Write the entries out in full, matching them exactly.

**Records for the exercise:**
*** Block opens ***
(* Let $P$ be a 2-dimensional plane or a sphere in $\mathbb R^3$ with its usual induced surface measure $dS$. Let $0<a<2$, $0<b<2$ with $a+b>2$, and let $\xi\in\mathbb R^3$. Then there exists $C$ independent of $\xi$ and $P$ such that $$\int_P\frac{1}{|\xi-\eta|^a|\eta|^b}\,dS(\eta)\le\frac{C}{|\xi|^{a+b-2}}.$$ *)

theory Defs
  imports "HOL-Analysis.Analysis"
begin

text \<open>Surface measure on the affine plane through p spanned by the orthonormal
  vectors u, v: push-forward of 2-dimensional Lebesgue measure under the
  isometric parametrisation (s,t) maps to p + s u + t v.\<close>
definition plane_measure :: "real^3 \<Rightarrow> real^3 \<Rightarrow> real^3 \<Rightarrow> (real^3) measure" where
  "plane_measure p u v =
     distr (lborel :: (real \<times> real) measure) borel (\<lambda>(s, t). p + s *\<^sub>R u + t *\<^sub>R v)"

definition sphere_measure :: "real^3 \<Rightarrow> real \<Rightarrow> (real^3) measure" where
  "sphere_measure c r =
     distr (density (lborel :: (real \<times> real) measure)
              (\<lambda>(\<theta>, \<phi>). ennreal (indicator ({0<..<pi} \<times> {0<..<2*pi}) (\<theta>, \<phi>) * r\<^sup>2 * sin \<theta>)))
       borel
       (\<lambda>(\<theta>, \<phi>). c + r *\<^sub>R vector [sin \<theta> * cos \<phi>, sin \<theta> * sin \<phi>, cos \<theta>])"

definition plane_or_sphere_measures :: "(real^3) measure set" where
  "plane_or_sphere_measures =
     {plane_measure p u v | p u v. u \<bullet> u = 1 \<and> v \<bullet> v = 1 \<and> u \<bullet> v = 0}
     \<union> {sphere_measure c r | c r. r > 0}"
*** Block closes ***
**Solution to the problem:**
(* Let $P$ be a 2-dimensional plane or a sphere in $\mathbb R^3$ with its usual induced surface measure $dS$. Let $0<a<2$, $0<b<2$ with $a+b>2$, and let $\xi\in\mathbb R^3$. Then there exists $C$ independent of $\xi$ and $P$ such that $$\int_P\frac{1}{|\xi-\eta|^a|\eta|^b}\,dS(\eta)\le\frac{C}{|\xi|^{a+b-2}}.$$ *)

theory Defs
  imports "HOL-Analysis.Analysis"
begin

text \<open>Surface measure on the affine plane through p spanned by the orthonormal
  vectors u, v: push-forward of 2-dimensional Lebesgue measure under the
  isometric parametrisation (s,t) maps to p + s u + t v.\<close>
definition plane_measure :: "real^3 \<Rightarrow> real^3 \<Rightarrow> real^3 \<Rightarrow> (real^3) measure" where
  "plane_measure p u v =
     distr (lborel :: (real \<times> real) measure) borel (\<lambda>(s, t). p + s *\<^sub>R u + t *\<^sub>R v)"

definition sphere_measure :: "real^3 \<Rightarrow> real \<Rightarrow> (real^3) measure" where
  "sphere_measure c r =
     distr (density (lborel :: (real \<times> real) measure)
              (\<lambda>(\<theta>, \<phi>). ennreal (indicator ({0<..<pi} \<times> {0<..<2*pi}) (\<theta>, \<phi>) * r\<^sup>2 * sin \<theta>)))
       borel
       (\<lambda>(\<theta>, \<phi>). c + r *\<^sub>R vector [sin \<theta> * cos \<phi>, sin \<theta> * sin \<phi>, cos \<theta>])"

definition plane_or_sphere_measures :: "(real^3) measure set" where
  "plane_or_sphere_measures =
     {plane_measure p u v | p u v. u \<bullet> u = 1 \<and> v \<bullet> v = 1 \<and> u \<bullet> v = 0}
     \<union> {sphere_measure c r | c r. r > 0}"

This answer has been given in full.